La risposta sembrerebbe trovarsi secondo Eleonora proprio nelle caratteristiche peculiari del contagio, che trasmette 'il male' attraverso il contatto da uomo a uomo, ledendo il suo bisogno di socialità e di definizione dell'identità.
Non bastano infatti le comuni norme di esclusione basate su caratteristiche estetiche, religiose o spaziali, ci si ritrova a temere che la malattia venga dal negoziante di fiducia, dal proprio vicino, persino dagli stessi congiunti: per salvaguardare la propria singola esistenza si è costretti a escludere e ad auto-escludersi.

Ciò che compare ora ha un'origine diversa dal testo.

(* Let $q=2$, $r\ge3$ and $m=2r$. Let $D=\{x\in\mathbb{F}_{2^m}:\mathrm{Tr}_{2^r/2}(x^{2^r+1})=0\}$ and $\overline{\mathcal{C}_D}=\{(\mathrm{Tr}_{2^m/2}(bx)+c)_{x\in D}: b\in\mathbb{F}_{2^m},\ c\in\mathbb{F}_2\}$. Then $\overline{\mathcal{C}_D}$ is a $(2^{r-1}(2^r-1),\ m+1,\ 2^{r-1}(2^{r-1}-1),\ 2;\ 3)$-LRC and $\overline{\mathcal{C}_D}^{\perp}$ is a $(2^{r-1}(2^r-1),\ 2^{r-1}(2^r-1)-m-1,\ 4,\ 2;\ 2^{r-1}(2^{r-1}-1)-1)$-LRC. In particular, $\overline{\mathcal{C}_D}^{\perp}$ is $k$-optimal or almost $k$-optimal.
   Context: For an $[n,k,d]$ linear code $\mathcal{C}$ over $\mathbb{F}_q$ with coordinates indexed by $\{0,\dots,n-1\}$, coordinate $i$ has a repair set $R_i\subseteq\{0,\dots,n-1\}\setminus\{i\}$ of size $r$ if there is a function $f_i$ with $c_i=f_i(\mathbf{c}_{R_i})$ for all $\mathbf{c}\in\mathcal{C}$; the locality of $\mathcal{C}$ is the smallest $r$ such that every coordinate has a repair set of size $r$, and then $\mathcal{C}$ is called an $(n,k,d,q;r)$-LRC. The Cadambe–Mazumdar bound states $k\le\min_{t\in\mathbb{Z}^+}[rt+k^{(q)}_{opt}(n-t(r+1),d)]$, where $k^{(q)}_{opt}(n,d)$ is the largest dimension of a $q$-ary linear code of length $n$ and minimum distance $d$. An LRC is $k$-optimal if it meets this bound with equality, and almost $k$-optimal if $k$ equals the bound minus one. *)

theory Defs
  imports Main "HOL-Library.Z2"
begin

definition words :: "'i set \<Rightarrow> ('i \<Rightarrow> 'f::field) set" where
  "words I = {v. \<forall>i. i \<notin> I \<longrightarrow> v i = 0}"

definition linear_code :: "'i set \<Rightarrow> ('i \<Rightarrow> 'f::field) set \<Rightarrow> bool" where
  "linear_code I C \<longleftrightarrow> finite I \<and> C \<subseteq> words I \<and> (\<lambda>_. 0) \<in> C \<and>
     (\<forall>u\<in>C. \<forall>v\<in>C. (\<lambda>i. u i + v i) \<in> C) \<and>
     (\<forall>a. \<forall>v\<in>C. (\<lambda>i. a * v i) \<in> C)"

definition hweight :: "'i set \<Rightarrow> ('i \<Rightarrow> 'f::field) \<Rightarrow> nat" where
  "hweight I v = card {i\<in>I. v i \<noteq> 0}"

definition min_dist :: "'i set \<Rightarrow> ('i \<Rightarrow> 'f::field) set \<Rightarrow> nat" where
  "min_dist I C = Min {hweight I v | v. v \<in> C \<and> v \<noteq> (\<lambda>_. 0)}"

definition is_code :: "'i set \<Rightarrow> ('i \<Rightarrow> 'f::field) set \<Rightarrow> nat \<Rightarrow> nat \<Rightarrow> nat \<Rightarrow> bool" where
  "is_code I C n k d \<longleftrightarrow> linear_code I C \<and> card I = n \<and> card C = card (UNIV :: 'f set) ^ k \<and>
     min_dist I C = d"

definition dual_code :: "'i set \<Rightarrow> ('i \<Rightarrow> 'f::field) set \<Rightarrow> ('i \<Rightarrow> 'f) set" where
  "dual_code I C = {v \<in> words I. \<forall>c\<in>C. (\<Sum>i\<in>I. v i * c i) = 0}"

definition repair_set :: "'i set \<Rightarrow> ('i \<Rightarrow> 'f::field) set \<Rightarrow> 'i \<Rightarrow> 'i set \<Rightarrow> bool" where
  "repair_set I C i R \<longleftrightarrow> R \<subseteq> I - {i} \<and>
     (\<exists>f. \<forall>c\<in>C. c i = f (\<lambda>j. if j \<in> R then c j else 0))"

definition locality :: "'i set \<Rightarrow> ('i \<Rightarrow> 'f::field) set \<Rightarrow> nat" where
  "locality I C = (LEAST r. \<forall>i\<in>I. \<exists>R. repair_set I C i R \<and> card R = r)"

definition is_LRC :: "'i set \<Rightarrow> ('i \<Rightarrow> 'f::field) set \<Rightarrow> nat \<Rightarrow> nat \<Rightarrow> nat \<Rightarrow> nat \<Rightarrow> nat \<Rightarrow> bool" where
  "is_LRC I C n k d q r \<longleftrightarrow> is_code I C n k d \<and> card (UNIV :: 'f set) = q \<and> locality I C = r"

definition k_opt :: "'f::field itself \<Rightarrow> nat \<Rightarrow> nat \<Rightarrow> nat" where
  "k_opt _ n d = Max {k. \<exists>C :: (nat \<Rightarrow> 'f) set. linear_code {0..<n} C \<and>
       card C = card (UNIV :: 'f set) ^ k \<and> (\<forall>v\<in>C. v \<noteq> (\<lambda>_. 0) \<longrightarrow> d \<le> hweight {0..<n} v)}"

definition CM_bound :: "'f::field itself \<Rightarrow> nat \<Rightarrow> nat \<Rightarrow> nat \<Rightarrow> nat" where
  "CM_bound F n d r = Inf ((\<lambda>t. r * t + k_opt F (n - t * (r + 1)) d) ` {t. t \<ge> 1})"

definition k_optimal :: "'i set \<Rightarrow> ('i \<Rightarrow> 'f::field) set \<Rightarrow> bool" where
  "k_optimal I C \<longleftrightarrow> (\<exists>n k d r. is_LRC I C n k d (card (UNIV :: 'f set)) r \<and> k = CM_bound TYPE('f) n d r)"

definition almost_k_optimal :: "'i set \<Rightarrow> ('i \<Rightarrow> 'f::field) set \<Rightarrow> bool" where
  "almost_k_optimal I C \<longleftrightarrow>
     (\<exists>n k d r. is_LRC I C n k d (card (UNIV :: 'f set)) r \<and> k + 1 = CM_bound TYPE('f) n d r)"

text \<open>Absolute trace Tr_{2^m/2}(y) = sum_{i<m} y^(2^i) and relative trace to F_2 of F_{2^r}.\<close>
definition trace2 :: "nat \<Rightarrow> 'a::field \<Rightarrow> 'a" where
  "trace2 m y = (\<Sum>i<m. y ^ (2 ^ i))"

text \<open>Identification of the prime field {0,1} of 'a with bit.\<close>
definition to_bit :: "'a::field \<Rightarrow> bit" where
  "to_bit y = (if y = 0 then 0 else 1)"

definition defining_set :: "nat \<Rightarrow> 'a::field set" where
  "defining_set r = {x. trace2 r (x ^ (2 ^ r + 1)) = 0}"

definition code_CD_bar :: "nat \<Rightarrow> 'a::field set \<Rightarrow> ('a \<Rightarrow> bit) set" where
  "code_CD_bar m D = {(\<lambda>x. if x \<in> D then to_bit (trace2 m (b * x)) + c else 0) | b c. True}"

end

theory Submission
  imports Defs "HOL-Computational_Algebra.Primes" "HOL-Computational_Algebra.Polynomial"
begin

declare add_bit_eq_xor [simp del] mult_bit_eq_and [simp del]

lemma UNIV_bit: "(UNIV :: bit set) = {0, 1}"
  by (auto intro: bit.exhaust)

lemma card_UNIV_bit: "card (UNIV :: bit set) = 2"
  by (simp add: UNIV_bit)

lemma bit_add_self [simp]: "(x :: bit) + x = 0"
  by (cases x) simp_all

lemma bit_add_eq_0_iff [simp]: "(x :: bit) + y = 0 \<longleftrightarrow> x = y"
  by (cases x; cases y) simp_all

lemma of_nat_bit: "(of_nat n :: bit) = (if even n then 0 else 1)"
  by (induction n) auto

definition unit_word :: "'i \<Rightarrow> 'i \<Rightarrow> 'f::zero_neq_one" where
  "unit_word i = (\<lambda>j. if j = i then 1 else 0)"

lemma unit_word_in_words: "i \<in> I \<Longrightarrow> unit_word i \<in> words I"
  by (simp add: unit_word_def words_def)

lemma sum_unit_word_mult:
  fixes c :: "'i \<Rightarrow> 'f::semiring_1"
  shows "finite I \<Longrightarrow> i \<in> I \<Longrightarrow> (\<Sum>j\<in>I. unit_word i j * c j) = c i"
proof -
  assume "finite I" "i \<in> I"
  have "(\<Sum>j\<in>I. unit_word i j * c j) = (\<Sum>j\<in>I. if j = i then c j else 0)"
    by (rule sum.cong) (simp_all add: unit_word_def)
  with \<open>finite I\<close> \<open>i \<in> I\<close> show ?thesis by simp
qed

lemma bij_betw_support_words:
  "bij_betw (\<lambda>v. {i. v i = 1}) (words I :: ('i \<Rightarrow> bit) set) (Pow I)"
proof (rule bij_betw_byWitness[where f' = "\<lambda>S i. if i \<in> S then 1 else 0"])
  show "\<forall>v\<in>words I. (\<lambda>i. if i \<in> {i. v i = 1} then 1 else 0) = (v :: 'i \<Rightarrow> bit)"
    by (auto simp: fun_eq_iff)
qed (auto simp: words_def)

lemma card_words_bit: "finite I \<Longrightarrow> card (words I :: ('i \<Rightarrow> bit) set) = 2 ^ card I"
  using bij_betw_same_card[OF bij_betw_support_words[of I]] by (simp add: card_Pow)

lemma finite_words_bit: "finite I \<Longrightarrow> finite (words I :: ('i \<Rightarrow> bit) set)"
  using bij_betw_finite[OF bij_betw_support_words[of I]] by simp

"Se fino a due secoli fa le strategie di sorveglianza sanitaria si potevano realizzare tramite i modelli dell’isolamento delle città colpite dall’epidemia o dell’esclusione e il confinamento dei malati in appositi luoghi, nella società globalizzata appare quasi impossibile l’una e l’altra strategia".
In particolare lo sviluppo dei non-luoghi - spazi dove vige la libertà di circolazione di uomini, merci e idee -, amplia la sensazione di essere esposti a qualsiasi invasione che venga dall'esterno, sotto forma di flusso migratorio o importazione di merci straniere.
Questo implica che, all'emergenza sanitaria, si mescolino gli interessi economico-politici nazionali, oltre che i discorsi di definizione di una linea di demarcazione tra malati (loro) e sani (noi).

In questo quadro, come sottolinea Eleonora, i media non fanno che amplificare a dismisura le nostre paure ancestrali, con la loro necessità di selezionare la notizia da prima pagina e dare l’aggiornamento dell’ultim’ora, mantenendo viva la sensazione di pericolo.
Salvo poi smettere repentinamente di parlare dell'emergenza, come se inizio e fine scaturissero da un'oblio nebuloso, con l’effetto controproducente di portare la popolazione a sottovalutare il rischio pandemie che, secondo l’Organizzazione Mondiale della Sanità (OMS), è tuttora più concreto che mai nelle zone con scarse politiche sanitarie.